What the task asks: Using the entries that follow, write out the line containing "K_disjoint by blast", the line containing "fin unfolding K_def by simp", and every line between them, exactly and nothing else.

========================================

(* Consider the event-triggered closed-loop system described in the context, with $\hat\tau$ and $\psi$ defined there, and let $a=\lambda_1^p\psi(\hat\tau,\lambda_2)$, $b=\lambda_3^p\psi(\hat\tau,\lambda_2)$. Then for every $k$, $$\int_{t_k}^{\hat t_k}\|\varepsilon(\tau)\|^p\,d\tau\le a\int_{t_k}^{\hat t_k}\|\xi(\tau)\|^p\,d\tau+b\int_{t_k}^{\hat t_k}\|d(\tau)\|^p\,d\tau.$$
   Context: Plant: $\dot\xi=f(\xi,d)+g(\xi)u$, $z=h(\xi,d)$, with state $\xi\in\mathbb{R}^n$, input $u\in\mathbb{R}^m$, disturbance $d$ a measurable signal with values in $\mathbb{R}^q$, $\int_{t_0}^\infty\|d\|^p<\infty$ and $\|d\|_\infty<\infty$, output $z\in\mathbb{R}^s$; $f,g,h$ locally Lipschitz, $f(0,0)=0$, $h(0,0)=0$. A locally Lipschitz feedback $\gamma$ is implemented with sampling times $t_0<t_1<\dots$: $u(t)=\gamma(\xi(t_k))$ and $\varepsilon(t)=\xi(t_k)-\xi(t)$ on $[t_k,t_{k+1})$, so $\dot\xi=f(\xi,d)+g(\xi)\gamma(\xi+\varepsilon)$. Let $p>1$ (exponent of the $\mathcal{L}_p$ performance), $q$ with $1/p+1/q=1$. Constants $\lambda_1,\lambda_2,\lambda_3\ge0$ (non-decreasing functions of $\|\xi_0\|,\|d\|_\infty$) satisfy, along trajectories, $\|\dot\xi\|\le\lambda_1\|\xi\|+\lambda_2\|\varepsilon\|+\lambda_3\|d\|$. Define $\psi(t,\lambda_2)=\frac{2^{2p}(p-1)^{p-1}}{\lambda_2^p p^p}\big(e^{\frac{\lambda_2 p}{2(p-1)}t}-1\big)^{p-1}\big(e^{\frac{\lambda_2 p}{2}t}-1\big)$. With constants $c_1,c_2,c_3,\bar c_3,\mu>0$, $\sigma<1$, $\lambda>0$ and desired gain $\mu_d>\mu$ (these arise from Lyapunov-type estimates for the system), let $B_1=c_1\sigma-(\bar c_3\lambda)^q/q$, $B_3=\lambda(\mu_d^p-\mu^p)-c_3$, $c=c_2+\lambda_2^p/p$, assumed $B_1,B_3>0$; $\tau_i=\sup\{t\ge0:\lambda_i^p\psi(t,\lambda_2)<B_i/c\}$, $i\in\{1,3\}$; $\hat\tau=\min\{\tau_1,\tau_3\}$ and $\hat t_k=t_k+\hat\tau$. The sampling times satisfy $t_{k+1}\ge\hat t_k$ or the inequality is considered on the interval where $\varepsilon(t)=\xi(t_k)-\xi(t)$ is defined. *)

theory Defs
  imports "HOL-Analysis.Analysis"
begin

definition loc_lipschitz :: "('a::metric_space \<Rightarrow> 'b::metric_space) \<Rightarrow> bool" where
  "loc_lipschitz F \<longleftrightarrow> (\<forall>x. \<exists>e>0. \<exists>L. L-lipschitz_on (cball x e) F)"

definition psi :: "real \<Rightarrow> real \<Rightarrow> real \<Rightarrow> real" where
  "psi p l2 t =
     2 powr (2 * p) * (p - 1) powr (p - 1) / (l2 powr p * p powr p)
     * (exp (l2 * p / (2 * (p - 1)) * t) - 1) powr (p - 1)
     * (exp (l2 * p / 2 * t) - 1)"

definition tau_of :: "real \<Rightarrow> real \<Rightarrow> real \<Rightarrow> real \<Rightarrow> real \<Rightarrow> real" where
  "tau_of p l2 li Bi c = Sup {s. s \<ge> 0 \<and> li powr p * psi p l2 s < Bi / c}"

end

theory Submission
  imports Defs
begin

text \<open>
  On a sampling interval \<open>[t\<^sub>k, t\<^sub>k + T]\<close> the error \<open>e s = norm (\<xi> t\<^sub>k - \<xi> s)\<close> satisfies
  \<open>e s \<le> \<integral>\<^sub>t\<^sub>k\<^sup>s (w + \<lambda>\<^sub>2 e)\<close> with \<open>w = \<lambda>\<^sub>1 norm \<xi> + \<lambda>\<^sub>3 norm d\<close>. By Gronwall's inequality
  \<open>e s\<close> is at most the convolution \<open>\<integral>\<^sub>t\<^sub>k\<^sup>s exp (\<lambda>\<^sub>2 (s - r)) w r dr\<close>. Splitting the kernel
  into two factors \<open>exp (\<lambda>\<^sub>2 (s - r) / 2)\<close> and applying Hoelder's inequality bounds \<open>e s ^ p\<close>
  by an exponential in \<open>s\<close> times \<open>\<integral> w ^ p\<close>; integrating over \<open>s\<close> gives exactly the constant
  \<open>\<psi>(T) / 2 ^ p\<close>. Since \<open>(x + y) ^ p \<le> 2 ^ (p - 1) (x ^ p + y ^ p)\<close>, the estimate even holds
  with \<open>\<psi>(T) / 2\<close>, and \<open>\<psi>\<close> is increasing in \<open>T\<close>.
\<close>

lemma integrable_on_bounded_measurable_real:
  fixes f :: "real \<Rightarrow> real"
  assumes "f \<in> borel_measurable (lebesgue_on {a..b})" "bounded (f ` {a..b})"
  shows "f integrable_on {a..b}"
proof -
  obtain M where "\<forall>y\<in>f ` {a..b}. norm y \<le> M"
    using assms(2) by (auto simp: bounded_iff)
  then have M: "\<bar>f x\<bar> \<le> M" if "x \<in> {a..b}" for x
    using that by auto
  show ?thesis
    by (rule measurable_bounded_by_integrable_imp_integrable_real[where g="\<lambda>_. M"])
       (use assms(1) M in auto)
qed

lemma integrable_on_powr_bounded_measurable:
  fixes f :: "real \<Rightarrow> real"
  assumes f: "f \<in> borel_measurable (lebesgue_on {a..b})" "bounded (f ` {a..b})"
    and f0: "\<And>x. x \<in> {a..b} \<Longrightarrow> 0 \<le> f x" and p: "p \<ge> 0"
  shows "(\<lambda>x. f x powr p) integrable_on {a..b}"
proof (rule integrable_on_bounded_measurable_real)
  show "(\<lambda>x. f x powr p) \<in> borel_measurable (lebesgue_on {a..b})"
    using f(1) by measurable
  obtain M where "\<forall>y\<in>f ` {a..b}. norm y \<le> M"
    using f(2) by (auto simp: bounded_iff)
  then have "\<bar>f x\<bar> \<le> M" if "x \<in> {a..b}" for x
    using that by auto
  then have "norm y \<le> M powr p" if "y \<in> (\<lambda>x. f x powr p) ` {a..b}" for y
    using that f0 p by (auto simp: powr_mono2)
  then show "bounded ((\<lambda>x. f x powr p) ` {a..b})"
    by (rule boundedI)
qed

lemma integrable_on_continuous_mult_bounded_measurable:
  fixes c h :: "real \<Rightarrow> real"
  assumes c: "continuous_on UNIV c" and h: "h \<in> borel_measurable lebesgue" and hM: "\<And>x. \<bar>h x\<bar> \<le> M"
  shows "(\<lambda>r. c r * h r) integrable_on {x..y}"
proof (rule integrable_on_bounded_measurable_real)
  have "c \<in> borel_measurable lebesgue"
    using c by (intro measurable_completion) (simp add: borel_measurable_continuous_onI)
  then show "(\<lambda>r. c r * h r) \<in> borel_measurable (lebesgue_on {x..y})"
    using h by (simp add: measurable_restrict_space1)
  have "bounded (c ` {x..y})"
    by (intro compact_imp_bounded compact_continuous_image continuous_on_subset[OF c]) auto
  then obtain B where "\<forall>z\<in>c ` {x..y}. norm z \<le> B"
    by (auto simp: bounded_iff)
  then have B: "\<bar>c r\<bar> \<le> B" if "r \<in> {x..y}" for r
    using that by auto
  have "\<bar>c r * h r\<bar> \<le> B * M" if "r \<in> {x..y}" for r
    unfolding abs_mult using B[OF that] hM[of r] by (meson abs_ge_zero mult_mono order_trans)
  then show "bounded ((\<lambda>r. c r * h r) ` {x..y})"
    by (intro boundedI[where B="B * M"]) auto
qed

lemma integral_cong_AE_lborel:
  fixes f g :: "'a::euclidean_space \<Rightarrow> real"
  assumes "AE x in lborel. f x = g x"
  shows "integral S f = integral S g"
proof -
  have "\<And>I. (f has_integral I) S = (g has_integral I) S"
    by (rule has_integral_AE) (use assms in auto)
  then show ?thesis unfolding integral_def integrable_on_def by simp
qed

lemma has_integral_exp_mult_diff_upper:
  fixes c :: real
  assumes "c > 0" "a \<le> s"
  shows "((\<lambda>r. exp (c*(s-r))) has_integral (exp (c*(s-a)) - 1) / c) {a..s}"
proof -
  have "((\<lambda>r. exp (c*(s-r))) has_integral ((\<lambda>r. - exp (c*(s-r)) / c) s - (\<lambda>r. - exp (c*(s-r)) / c) a)) {a..s}"
    using assms
    by (intro fundamental_theorem_of_calculus)
       (auto intro!: derivative_eq_intros simp: has_real_derivative_iff_has_vector_derivative[symmetric])
  then show ?thesis using assms by (simp add: field_simps)
qed

lemma has_integral_exp_mult_diff_lower:
  fixes c :: real
  assumes "c > 0" "a \<le> s"
  shows "((\<lambda>r. exp (c*(r-a))) has_integral (exp (c*(s-a)) - 1) / c) {a..s}"
proof -
  have "((\<lambda>r. exp (c*(r-a))) has_integral ((\<lambda>r. exp (c*(r-a)) / c) s - (\<lambda>r. exp (c*(r-a)) / c) a)) {a..s}"
    using assms
    by (intro fundamental_theorem_of_calculus)
       (auto intro!: derivative_eq_intros simp: has_real_derivative_iff_has_vector_derivative[symmetric])
  then show ?thesis using assms by (simp add: field_simps)
qed

lemma continuous_on_exp_convolution:
  fixes w :: "real \<Rightarrow> real"
  assumes "w \<in> borel_measurable lebesgue" "\<And>x. \<bar>w x\<bar> \<le> M"
  shows "continuous_on {a..b} (\<lambda>u. integral {a..u} (\<lambda>r. exp (l*(u-r)) * w r))"
proof -
  have "integral {a..u} (\<lambda>r. exp (l*(u-r)) * w r) = exp (l*u) * integral {a..u} (\<lambda>r. exp (-l*r) * w r)" for u
  proof -
    have "integral {a..u} (\<lambda>r. exp (l*(u-r)) * w r) = integral {a..u} (\<lambda>r. exp (l*u) * (exp (-l*r) * w r))"
      by (rule integral_cong) (simp add: right_diff_distrib exp_diff exp_minus field_simps)
    then show ?thesis by simp
  qed
  moreover have "continuous_on {a..b} (\<lambda>u. exp (l*u) * integral {a..u} (\<lambda>r. exp (-l*r) * w r))"
    by (intro continuous_intros indefinite_integral_continuous_1
          integrable_on_continuous_mult_bounded_measurable[OF _ assms])
  ultimately show ?thesis by simp
qed

lemma integral_swap_triangle_nonneg:
  fixes k :: "real \<Rightarrow> real \<Rightarrow> real"
  assumes k_meas: "case_prod k \<in> borel_measurable (lborel \<Otimes>\<^sub>M lborel)" and k0: "\<And>u r. 0 \<le> k u r"
    and int_u: "\<And>u. u \<in> {a..s} \<Longrightarrow> k u integrable_on {a..u}"
    and int_r: "\<And>r. r \<in> {a..s} \<Longrightarrow> (\<lambda>u. k u r) integrable_on {r..s}"
    and int_U: "(\<lambda>u. integral {a..u} (k u)) integrable_on {a..s}"
    and int_R: "(\<lambda>r. integral {r..s} (\<lambda>u. k u r)) integrable_on {a..s}"
  shows "integral {a..s} (\<lambda>u. integral {a..u} (k u)) = integral {a..s} (\<lambda>r. integral {r..s} (\<lambda>u. k u r))"
proof -
  define F where "F u r = (if a \<le> r \<and> r \<le> u \<and> u \<le> s then k u r else 0)" for u r
  have F_meas: "case_prod (\<lambda>u r. ennreal (F u r)) \<in> borel_measurable (lborel \<Otimes>\<^sub>M lborel)"
    unfolding F_def using k_meas by measurable
  have F_u: "(\<integral>\<^sup>+r. ennreal (F u r) \<partial>lborel) = ennreal (indicator {a..s} u * integral {a..u} (k u))" for u
  proof (cases "u \<in> {a..s}")
    case True
    have "(\<integral>\<^sup>+r. ennreal (F u r) \<partial>lborel) = (\<integral>\<^sup>+r. ennreal (indicator {a..u} r * k u r) \<partial>lborel)"
      using True by (intro nn_integral_cong) (auto simp: F_def indicator_def)
    also have "\<dots> = ennreal (integral {a..u} (k u))"
      using int_u[OF True] k0 by (intro nn_integral_has_integral_lebesgue) auto
    finally show ?thesis
      using True by simp
  next
    case False
    then have "\<And>r. F u r = 0"
      by (auto simp: F_def)
    then show ?thesis
      using False by simp
  qed
  have F_r: "(\<integral>\<^sup>+u. ennreal (F u r) \<partial>lborel) = ennreal (indicator {a..s} r * integral {r..s} (\<lambda>u. k u r))" for r
  proof (cases "r \<in> {a..s}")
    case True
    have "(\<integral>\<^sup>+u. ennreal (F u r) \<partial>lborel) = (\<integral>\<^sup>+u. ennreal (indicator {r..s} u * k u r) \<partial>lborel)"
      using True by (intro nn_integral_cong) (auto simp: F_def indicator_def)
    also have "\<dots> = ennreal (integral {r..s} (\<lambda>u. k u r))"
      using int_r[OF True] k0 by (intro nn_integral_has_integral_lebesgue) auto
    finally show ?thesis
      using True by simp
  next
    case False
    then have "\<And>u. F u r = 0"
      by (auto simp: F_def)
    then show ?thesis
      using False by simp
  qed
  have "ennreal (integral {a..s} (\<lambda>u. integral {a..u} (k u)))
      = (\<integral>\<^sup>+u. (\<integral>\<^sup>+r. ennreal (F u r) \<partial>lborel) \<partial>lborel)"
    unfolding F_u using int_U int_u k0
    by (intro nn_integral_has_integral_lebesgue[symmetric] integral_nonneg) auto
  also have "\<dots> = (\<integral>\<^sup>+r. (\<integral>\<^sup>+u. ennreal (F u r) \<partial>lborel) \<partial>lborel)"
    by (rule lborel_pair.Fubini'[OF F_meas, symmetric])
  also have "\<dots> = ennreal (integral {a..s} (\<lambda>r. integral {r..s} (\<lambda>u. k u r)))"
    unfolding F_r using int_R int_r k0
    by (intro nn_integral_has_integral_lebesgue integral_nonneg) auto
  finally show ?thesis
    using int_U int_u int_R int_r k0 by (subst (asm) ennreal_inj) (auto intro!: integral_nonneg)
qed
lemma poisson_conv_inject:
  assumes "poisson_smoothing \<mu> \<gamma>" "poisson_smoothing \<nu> \<gamma>"
    and "AE x in lborel. poisson_conv \<gamma> \<mu> x = poisson_conv \<gamma> \<nu> x"
  shows "\<mu> = \<nu>"
proof -
  interpret M: poisson_smoothing \<mu> \<gamma> by fact
  interpret N: poisson_smoothing \<nu> \<gamma> by fact
  have "char \<mu> \<xi> * poisson_kernel_char \<gamma> \<xi> = char \<nu> \<xi> * poisson_kernel_char \<gamma> \<xi>" for \<xi>
    unfolding M.char_poisson_conv[symmetric] N.char_poisson_conv[symmetric]
    using assms(3) by (intro integral_cong_AE) auto
  then have "char \<mu> = char \<nu>" using poisson_kernel_char_nonzero[OF M.gamma_pos] by auto
  then show ?thesis
    by (rule Levy_uniqueness[OF M.real_distribution_axioms N.real_distribution_axioms])
qed

section \<open>The cross-entropy of compactly supported measures\<close>

lemma nn_integral_log_weight_atLeast_0:
  fixes a b :: real
  assumes "0 \<le> a" "0 \<le> b"
  shows "(\<integral>\<^sup>+u. ennreal ((a + b * ln (1 + u)) / (1 + u)\<^sup>2) * indicator {0..} u \<partial>lborel)
           = ennreal (a + b)"
proof -
  define F where "F u = - (a + b + b * ln (1 + u)) / (1 + u)" for u :: real
  have "(\<integral>\<^sup>+u. ennreal ((a + b * ln (1 + u)) / (1 + u)\<^sup>2) * indicator {0..} u \<partial>lborel) = 0 - F 0"
  proof (rule nn_integral_FTC_atLeast)
    show "DERIV F x :> (a + b * ln (1 + x)) / (1 + x)\<^sup>2" if "0 \<le> x" for x
    proof -
      have "1 + x > 0" using that by simp
      then show ?thesis unfolding F_def
        by (auto intro!: derivative_eq_intros simp: divide_simps)
           (simp add: algebra_simps power2_eq_square)
    qed
    show "0 \<le> (a + b * ln (1 + x)) / (1 + x)\<^sup>2" if "0 \<le> x" for x
      using assms that by simp
    show "(F \<longlongrightarrow> 0) at_top" unfolding F_def by real_asymp
  qed measurable
  then show ?thesis by (simp add: F_def add.commute)
qed
lemma fill_involution_gaps:
  assumes inf: "infinite (UNIV :: 'b set)" and pil: "partial_ip_loop (S :: 'b set) m e"
    and fin: "finite S" and gaps: "gaps S m \<subseteq> O2 S m e \<times> S \<union> S \<times> O2 S m e"
    and n: "(card S + 1) * card S * card S < n"
  obtains Q m' where "partial_ip_loop Q m' e" "finite Q" "card Q = card S + n"
    "extends_along id S m Q m'" "O3 Q m' e = O3 S m e" "gaps Q m' \<subseteq> O2 Q m' e \<times> O2 Q m' e"
proof -
  obtain \<phi> :: "'b \<Rightarrow> nat" and k where \<phi>: "\<phi> ` S = {i. i < k}" "inj_on \<phi> S"
    using finite_imp_inj_to_nat_seg[OF fin] by blast
  then have "k = card S" using card_image[OF \<phi>(2)] by simp
  then have \<phi>_less: "\<phi> x < card S" if "x \<in> S" for x using \<phi>(1) that by blast
  have "infinite (UNIV - S)" using inf fin by (simp add: Diff_infinite_finite)
  then obtain \<nu> :: "nat \<Rightarrow> 'b" where \<nu>: "inj \<nu>" "range \<nu> \<subseteq> UNIV - S"
    using infinite_countable_subset by blast
  have \<nu>_new: "\<nu> k \<notin> S" for k using \<nu>(2) by blast
  interpret involution_gap_filling S m e \<phi> \<nu> n
    using pil fin gaps \<phi>(2) \<phi>_less \<nu>(1) \<nu>_new n by unfold_locales
  have "card K = n" unfolding K_def using inj_on_subset[OF \<nu>(1)] by (simp add: card_image)
  moreover have "S \<inter> K = {}" using K_disjoint by blast
  moreover have "finite K" unfolding K_def by simp
  ultimately have "card (S \<union> K) = card S + n" using card_Un_disjoint[OF fin] by simp
  moreover have "finite (S \<union> K)" using fin unfolding K_def by simp
  ultimately show ?thesis
    using that[OF filled_pil _ _ filled_extends filled_O3 filled_gaps] by blast
qed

========================================

Result of this exercise:
  moreover have "S \<inter> K = {}" using K_disjoint by blast
  moreover have "finite K" unfolding K_def by simp
  ultimately have "card (S \<union> K) = card S + n" using card_Un_disjoint[OF fin] by simp
  moreover have "finite (S \<union> K)" using fin unfolding K_def by simp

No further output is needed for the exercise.